Goal of the exercise » Check each line below for the word "copy". Then give only how many lines have it.

(Stored data)
*****

(* Let $P.\phi$ be a DQBF with prefix $P=\forall x_1,\dots,x_n\,\exists y_1(D_1),\dots,y_k(D_k)$ and let $G_{\mathrm{syn}}$ be an admissible group w.r.t. $P$. Then for every $g\in G_{\mathrm{syn}}$ and every $s\in\mathcal S(P)$, $[P.g(\phi)]_s=[P.\phi]_{g(s)}$. In particular, $P.\phi$ is true if and only if $P.g(\phi)$ is true, and $s$ is a model of $P.g(\phi)$ if and only if $g(s)$ is a model of $P.\phi$.
   Context: $X=\{x_1,\dots,x_n\}$, $Y=\{y_1,\dots,y_k\}$ are finite disjoint sets of propositional variables; $\operatorname{BF}(V)$ is the set of propositional formulas over $V\subseteq X\cup Y$; $\mathcal A(V)$ the set of assignments $V\to\{\top,\bot\}$, $[\phi]_\sigma$ the truth value. The prefix has dependency sets $D_j\subseteq X$; $\phi\in\operatorname{BF}(X\cup Y)$. An interpretation is $s=(s_1,\dots,s_k)$ with $s_j:\{\top,\bot\}^{|D_j|}\to\{\top,\bot\}$; $\mathcal S(P)$ is the set of interpretations. For $\sigma\in\mathcal A(X)$, $\sigma_s\in\mathcal A(X\cup Y)$ equals $\sigma$ on $X$ and $\sigma_s(y_j)=s_j$ evaluated at $\sigma$'s values on $D_j$. $[P.\phi]_s=\bigwedge_{\sigma\in\mathcal A(X)}[\phi]_{\sigma_s}$; $P.\phi$ is true if some $s$ gives $\top$, and such $s$ is a model. For $g:\operatorname{BF}(V)\to\operatorname{BF}(V)$ and $\sigma\in\mathcal A(V)$, $g(\sigma)(v)=[g(v)]_\sigma$; $g$ preserves propositional satisfiability if $[g(\phi)]_\sigma=[\phi]_{g(\sigma)}$ always. A formula in $\operatorname{BF}(Y)$ depends on $x_i$ if it contains some $y_j$ with $x_i\in D_j$. A bijection $g$ of $\operatorname{BF}(X\cup Y)$ is admissible w.r.t. $P$ if it preserves propositional satisfiability, $g(x_i)\in\operatorname{BF}(X)$, $g(y_j)\in\operatorname{BF}(Y)$, and if $g(y_j)$ depends on $x_i$ then $g^{-1}(x_i)\in\operatorname{BF}(D_j)$. An admissible group is a subgroup of the group of all admissible functions. For admissible $g$ and $\sigma\in\mathcal A(X)$, $g(\sigma)\in\mathcal A(X)$ is $g(\sigma)(x)=[g(x)]_\sigma$. For $g\in G_{\mathrm{syn}}$ and $s\in\mathcal S(P)$, $g(s)\in\mathcal S(P)$ is the (well-defined) interpretation $t$ with $\sigma_t=g(g^{-1}(\sigma)_s)$ for all $\sigma\in\mathcal A(X)$. *)

theory Defs
  imports Main
begin

datatype 'v form = Var 'v | Const bool | Neg "'v form"
  | Conj "'v form" "'v form" | Disj "'v form" "'v form"

primrec vars :: "'v form \<Rightarrow> 'v set" where
  "vars (Var v) = {v}"
| "vars (Const b) = {}"
| "vars (Neg p) = vars p"
| "vars (Conj p q) = vars p \<union> vars q"
| "vars (Disj p q) = vars p \<union> vars q"

primrec eval :: "('v \<Rightarrow> bool) \<Rightarrow> 'v form \<Rightarrow> bool" where
  "eval \<sigma> (Var v) = \<sigma> v"
| "eval \<sigma> (Const b) = b"
| "eval \<sigma> (Neg p) = (\<not> eval \<sigma> p)"
| "eval \<sigma> (Conj p q) = (eval \<sigma> p \<and> eval \<sigma> q)"
| "eval \<sigma> (Disj p q) = (eval \<sigma> p \<or> eval \<sigma> q)"

definition BF :: "'v set \<Rightarrow> 'v form set" where
  "BF V = {\<phi>. vars \<phi> \<subseteq> V}"

definition prefix :: "'v set \<Rightarrow> 'v set \<Rightarrow> ('v \<Rightarrow> 'v set) \<Rightarrow> bool" where
  "prefix X Y D \<longleftrightarrow> finite X \<and> finite Y \<and> X \<inter> Y = {} \<and> (\<forall>y\<in>Y. D y \<subseteq> X)"

text \<open>Interpretations: s y is a Skolem function for y which depends only on the
  values of the universal variables in D y.\<close>
definition interp :: "'v set \<Rightarrow> ('v \<Rightarrow> 'v set) \<Rightarrow> ('v \<Rightarrow> ('v \<Rightarrow> bool) \<Rightarrow> bool) \<Rightarrow> bool" where
  "interp Y D s \<longleftrightarrow>
     (\<forall>y\<in>Y. \<forall>\<sigma> \<sigma>'. (\<forall>x\<in>D y. \<sigma> x = \<sigma>' x) \<longrightarrow> s y \<sigma> = s y \<sigma>')"

definition ext :: "'v set \<Rightarrow> ('v \<Rightarrow> ('v \<Rightarrow> bool) \<Rightarrow> bool) \<Rightarrow> ('v \<Rightarrow> bool) \<Rightarrow> 'v \<Rightarrow> bool" where
  "ext Y s \<sigma> = (\<lambda>v. if v \<in> Y then s v \<sigma> else \<sigma> v)"

definition dqbf_val :: "'v set \<Rightarrow> ('v \<Rightarrow> ('v \<Rightarrow> bool) \<Rightarrow> bool) \<Rightarrow> 'v form \<Rightarrow> bool" where
  "dqbf_val Y s \<phi> \<longleftrightarrow> (\<forall>\<sigma>. eval (ext Y s \<sigma>) \<phi>)"

definition is_model :: "'v set \<Rightarrow> ('v \<Rightarrow> 'v set) \<Rightarrow> 'v form \<Rightarrow> ('v \<Rightarrow> ('v \<Rightarrow> bool) \<Rightarrow> bool) \<Rightarrow> bool" where
  "is_model Y D \<phi> s \<longleftrightarrow> interp Y D s \<and> dqbf_val Y s \<phi>"

definition dqbf_true :: "'v set \<Rightarrow> ('v \<Rightarrow> 'v set) \<Rightarrow> 'v form \<Rightarrow> bool" where
  "dqbf_true Y D \<phi> \<longleftrightarrow> (\<exists>s. is_model Y D \<phi> s)"
lemma inj_on_orientation: "orientation E A \<Longrightarrow> inj_on (\<lambda>(a, b). {a, b}) A"
  unfolding orientation_def by (intro inj_onI) (force simp: doubleton_eq_iff)

lemma image_orientation:
  assumes "orientation E A" shows "(\<lambda>(a, b). {a, b}) ` A = E"
proof
  show "(\<lambda>(a, b). {a, b}) ` A \<subseteq> E" using assms unfolding orientation_def by auto
  show "E \<subseteq> (\<lambda>(a, b). {a, b}) ` A" using assms unfolding orientation_def by fast
qed

lemma finite_orientation:
  assumes "finite E" "orientation E A" shows "finite A"
  using finite_imageD[of "\<lambda>(a, b). {a, b}" A] assms image_orientation inj_on_orientation by auto

lemma orientation_reverse_arcs:
  assumes "orientation E A" "P \<subseteq> A"
  shows "orientation E (reverse_arcs P A)"
proof -
  have arcs: "a \<noteq> b \<and> {a, b} \<in> E \<and> (b, a) \<notin> A" if "(a, b) \<in> A" for a b
    using assms(1) that unfolding orientation_def by blast
  have "a \<noteq> b \<and> {a, b} \<in> E \<and> (b, a) \<notin> reverse_arcs P A" if "(a, b) \<in> reverse_arcs P A" for a b
    using that arcs[of a b] arcs[of b a] assms(2) by (auto simp: reverse_arcs_def insert_commute)
  moreover have "\<exists>(a, b)\<in>reverse_arcs P A. e = {a, b}" if "e \<in> E" for e
  proof -
    obtain a b where "(a, b) \<in> A" "e = {a, b}"
      using assms(1) \<open>e \<in> E\<close> unfolding orientation_def by blast
    then show ?thesis
      by (cases "(a, b) \<in> P") (auto simp: reverse_arcs_def insert_commute)
  qed
  ultimately show ?thesis unfolding orientation_def by blast
qed

lemma out_degree_plus_in_degree_le_deg:
  assumes "orientation E A" "finite E"
  shows "out_degree A x + in_degree A x \<le> deg E x"
proof -
  have "finite A" using assms finite_orientation by blast
  have "out_degree A x + in_degree A x = card ({e \<in> A. fst e = x} \<union> {e \<in> A. snd e = x})"
    unfolding out_degree_def in_degree_def
    by (rule card_Un_disjoint[symmetric])
      (use \<open>finite A\<close> assms(1) in \<open>auto simp: orientation_def\<close>)
  also have "\<dots> \<le> card {e \<in> E. x \<in> e}"
  proof (rule card_inj_on_le)
    show "inj_on (\<lambda>(a, b). {a, b}) ({e \<in> A. fst e = x} \<union> {e \<in> A. snd e = x})"
      using inj_on_orientation[OF assms(1)] by (rule inj_on_subset) auto
    show "(\<lambda>(a, b). {a, b}) ` ({e \<in> A. fst e = x} \<union> {e \<in> A. snd e = x}) \<subseteq> {e \<in> E. x \<in> e}"
      using image_orientation[OF assms(1)] by auto
  qed (use assms(2) in auto)
  finally show ?thesis by (simp add: deg_def)
qed

lemma balanced_orientation_exists:
  assumes "finite E" and two: "\<forall>e\<in>E. \<exists>u v. u \<noteq> v \<and> e = {u, v}"
  shows "\<exists>A. orientation E A \<and> (\<forall>x. \<bar>imbalance A x\<bar> \<le> 1)"
proof -
  define \<Phi> where "\<Phi> A = (\<Sum>x\<in>\<Union>E. nat \<bar>imbalance A x\<bar>)" for A :: "('a \<times> 'a) set"
  have "finite (\<Union>E)" using assms by force
  obtain A0 where "orientation E A0" using orientation_exists[OF two] by blast
  then obtain A where A: "orientation E A" and min: "\<And>A'. orientation E A' \<Longrightarrow> \<Phi> A \<le> \<Phi> A'"
    using ex_has_least_nat[of "orientation E" A0 \<Phi>] by blast
  have "\<bar>imbalance A v\<bar> \<le> 1" for v
  proof (rule ccontr)
    assume "\<not> ?thesis"
    then have v: "\<bar>imbalance A v\<bar> \<ge> 2" by simp
    then have "v \<in> \<Union>E" using imbalance_outside_Field orientation_Field[OF A] by fastforce
    obtain P where "P \<subseteq> A" and le: "\<forall>x. \<bar>imbalance (reverse_arcs P A) x\<bar> \<le> \<bar>imbalance A x\<bar>"
      and lt: "\<bar>imbalance (reverse_arcs P A) v\<bar> < \<bar>imbalance A v\<bar>"
      using reversal_reduces_imbalance[OF finite_orientation[OF assms(1) A] orientation_asym[OF A] v]
      by blast
    have "\<Phi> (reverse_arcs P A) < \<Phi> A"
      unfolding \<Phi>_def
    proof (rule sum_strict_mono_ex1)
      show "\<forall>x\<in>\<Union>E. nat \<bar>imbalance (reverse_arcs P A) x\<bar> \<le> nat \<bar>imbalance A x\<bar>"
        using le by (simp add: nat_mono)
      show "\<exists>x\<in>\<Union>E. nat \<bar>imbalance (reverse_arcs P A) x\<bar> < nat \<bar>imbalance A x\<bar>"
        using lt \<open>v \<in> \<Union>E\<close> by (intro bexI[of _ v]) auto
    qed fact
    with min[OF orientation_reverse_arcs[OF A \<open>P \<subseteq> A\<close>]] show False by simp
  qed
  with A show ?thesis by blast
qed

section \<open>Proper arc colourings via Kempe chains\<close>

definition colour_class :: "('a \<times> 'a) set \<Rightarrow> ('a \<times> 'a \<Rightarrow> nat) \<Rightarrow> nat \<Rightarrow> ('a \<times> 'a) set" where
  "colour_class A col c = {e \<in> A. col e = c}"

text \<open>The bipartite double of a digraph: each vertex x splits into a tail copy (x, True) and a
  head copy (x, False).\<close>
definition split_arc :: "'a \<times> 'a \<Rightarrow> ('a \<times> bool) \<times> ('a \<times> bool)" where
  "split_arc e = ((fst e, True), (snd e, False))"

definition side_degree :: "('a \<times> 'a) set \<Rightarrow> 'a \<times> bool \<Rightarrow> nat" where
  "side_degree A n = (if snd n then out_degree A (fst n) else in_degree A (fst n))"

text \<open>Arcs of colour \<alpha> run from tail to head copies, arcs of colour \<beta> back, so the imbalance
  at a copy is the difference of its two colour degrees.\<close>
definition kempe_digraph ::
    "('a \<times> 'a) set \<Rightarrow> ('a \<times> 'a \<Rightarrow> nat) \<Rightarrow> nat \<Rightarrow> nat \<Rightarrow> (('a \<times> bool) \<times> ('a \<times> bool)) set" where
  "kempe_digraph A col \<alpha> \<beta> =
     split_arc ` colour_class A col \<alpha> \<union> converse (split_arc ` colour_class A col \<beta>)"

definition kempe_recolour ::
    "('a \<times> 'a \<Rightarrow> nat) \<Rightarrow> nat \<Rightarrow> nat \<Rightarrow> (('a \<times> bool) \<times> ('a \<times> bool)) set \<Rightarrow> 'a \<times> 'a \<Rightarrow> nat" where
  "kempe_recolour col \<alpha> \<beta> P e =
     (if col e = \<alpha> \<and> split_arc e \<in> P then \<beta>
      else if col e = \<beta> \<and> prod.swap (split_arc e) \<in> P then \<alpha> else col e)"

lemma inj_split_arc: "inj split_arc"
  by (auto intro!: injI simp: split_arc_def prod_eq_iff)

lemma split_arc_neq_swap: "split_arc e \<noteq> prod.swap (split_arc e')"
  by (simp add: split_arc_def)

lemma imbalance_split_arc_image:
  "imbalance (split_arc ` C) n = (if snd n then 1 else -1) * int (side_degree C n)"
proof -
  obtain x b where n: "n = (x, b)" by fastforce
  have card_split: "card (split_arc ` S) = card S" for S
    by (rule card_image) (rule inj_on_subset[OF inj_split_arc], simp)
  have "{q \<in> split_arc ` C. fst q = (x, b)} = (if b then split_arc ` {e \<in> C. fst e = x} else {})"
    "{q \<in> split_arc ` C. snd q = (x, b)} = (if b then {} else split_arc ` {e \<in> C. snd e = x})"
    by (auto simp: split_arc_def)
  then show ?thesis
    by (simp add: n imbalance_def out_degree_def in_degree_def side_degree_def card_split)
qed

lemma finite_kempe_digraph: "finite A \<Longrightarrow> finite (kempe_digraph A col \<alpha> \<beta>)"
  by (simp add: kempe_digraph_def colour_class_def)

lemma kempe_digraph_asym: "\<alpha> \<noteq> \<beta> \<Longrightarrow> converse (kempe_digraph A col \<alpha> \<beta>) \<inter> kempe_digraph A col \<alpha> \<beta> = {}"
  by (auto simp: kempe_digraph_def colour_class_def split_arc_def)

lemma abs_imbalance_kempe_digraph:
  assumes "finite A"
  shows "\<bar>imbalance (kempe_digraph A col \<alpha> \<beta>) n\<bar> =
     \<bar>int (side_degree (colour_class A col \<alpha>) n) - int (side_degree (colour_class A col \<beta>) n)\<bar>"
proof -
  have "imbalance (kempe_digraph A col \<alpha> \<beta>) n =
      imbalance (split_arc ` colour_class A col \<alpha>) n - imbalance (split_arc ` colour_class A col \<beta>) n"
    unfolding kempe_digraph_def
    by (subst imbalance_Un) (auto simp: assms colour_class_def imbalance_converse split_arc_def)
  then show ?thesis by (simp add: imbalance_split_arc_image abs_minus_commute)
qed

*****

Answer area » 3